Below is a selected list of major research studies and/or findings:
1982, the first peer-reviewed scientific paper about mindfulness meditation for chronic pain patients was published in General Hospital Psychiatry by Jon Kabat-Zinn, PhD, based on data gathered in the first years of the Stress Reduction Program at UMass Memorial Medical Center. Other papers describing patient outcomes followed in 1985, 1986, 1988, 1992, 1995, and 1997.
1992, the Inner-City Stress Reduction Clinic began, offering a free stress reduction program for lower-income, inner-city participants in Worcester, MA. The program and associated study continued for seven years, with over 500 people completing the program.
1992, the Massachusetts Committee on Criminal Justice funded a $1M project to bring MBSR to the state prison population. This program continued for 4 years and served 1,350 inmates. In 2006, Marlene Samuelson, PhD, along with James Carmody, PhD, et al, published in Prison Journal, the results, showing substantial reductions in hostility and mood disturbance, and increases in self-esteem.
1998, Jon Kabat-Zinn and colleagues published a randomized trial in Psychosomatic Medicine demonstrating a four-fold increase in the rate of skin clearing in patients with psoriasis practicing mindfulness, while receiving phototherapy.
2003, with Richard Davidson, PhD, Jon Kabat-Zinn and colleagues published a study in Psychosomatic Medicine showing positive changes in brain activity, emotional processing under stress, and immune function in people taking an MBSR course in a corporate work setting in a randomized clinical trial.
2003, the Center received the first federally funded DOD grant to study stress reduction and prostate cancer; James Carmody, PhD, principal investigator.
2006, the Center’s clinical research infrastructure supported two NIH-funded studies of MBSR for hot flashes and asthma in adult populations. James Carmody, PhD, and Lori Pbert, PhD, principal investigators. Pilot data from the hot flash study suggested preliminary positive evidence of the feasibility and efficacy of MBSR in supporting women who are experiencing severe hot flashes.

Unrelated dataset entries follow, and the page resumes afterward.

lemma inflation_mono:
  assumes c: "(f, g) \<in> Conf C X Y Z" and u1: "u1 \<in> Hom C W X" and u2: "u2 \<in> Hom C W X"
    and eq: "cmp C f u1 = cmp C f u2"
  shows "u1 = u2"
proof -
  note d = conflation_data[OF c]
  have "cmp C g (cmp C f u1) = zero C W Z"
    using cmp_assoc[OF u1 d(4,5)] d(6) zero_cmp[OF u1 d(3)] by simp
  then show ?thesis
    using inflation_factor_unique[OF c cmp_Hom[OF u1 d(4)]] u1 u2 eq by (metis (no_types, lifting))
qed

lemma deflation_epi:
  assumes c: "(f, g) \<in> Conf C X Y Z" and u1: "u1 \<in> Hom C Z W" and u2: "u2 \<in> Hom C Z W"
    and eq: "cmp C u1 g = cmp C u2 g"
  shows "u1 = u2"
proof -
  note d = conflation_data[OF c]
  have "cmp C (cmp C u1 g) f = zero C X W"
    using cmp_assoc[OF d(4,5) u1] d(6) cmp_zero[OF u1 d(1)] by simp
  then show ?thesis
    using deflation_factor_unique[OF c cmp_Hom[OF d(5) u1]] u1 u2 eq by (metis (no_types, lifting))
qed

lemma conflation_iso_first:
  assumes c: "(f0, g) \<in> Conf C X0 Y Z" and x: "is_iso C X0 X x"
    and f: "f \<in> Hom C X Y" and fx: "cmp C f x = f0"
  shows "(f, g) \<in> Conf C X Y Z"
proof -
  note d = conflation_data[OF c]
  have "x \<in> Hom C X0 X" using x unfolding is_iso_def by blast
  then have "conf_hom C X0 Y Z f0 g X Y Z f g x (idt C Y) (idt C Z)"
    unfolding conf_hom_def using idt_Hom[OF d(2)] idt_Hom[OF d(3)] cmp_idt_left[OF d(4)] fx
      cmp_idt_left[OF d(5)] cmp_idt_right[OF d(5)] by simp
  then show ?thesis
    using conflation_iso_closed[OF c f d(5) _ x idt_iso[OF d(2)] idt_iso[OF d(3)]] by blast
qed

Data from the asthma study suggested MBSR produced lasting and clinically significant improvements in asthma-related quality of life and stress in patients with persistent asthma, without improvements in lung function.
2008, Drs. David Ludwig and Jon Kabat-Zinn published the “Mindfulness in Medicine” article in the Journal of the American Medical Association exploring clinical applications, research challenges, and possible mechanisms of action.
2011, Drs. Britta Hölzel, James Carmody, et al, published “Mindfulness practice leads to increases in regional brain gray matter density” in Psychiatry Research. Anatomical magnetic resonance (MR) images from 16 healthy, meditation-naïve participants were obtained before and after they underwent the 8-week program. The results suggested that participation in MBSR is associated with changes in gray matter concentration in brain regions involved in learning and memory processes, emotion regulation, self-referential processing, and perspective taking.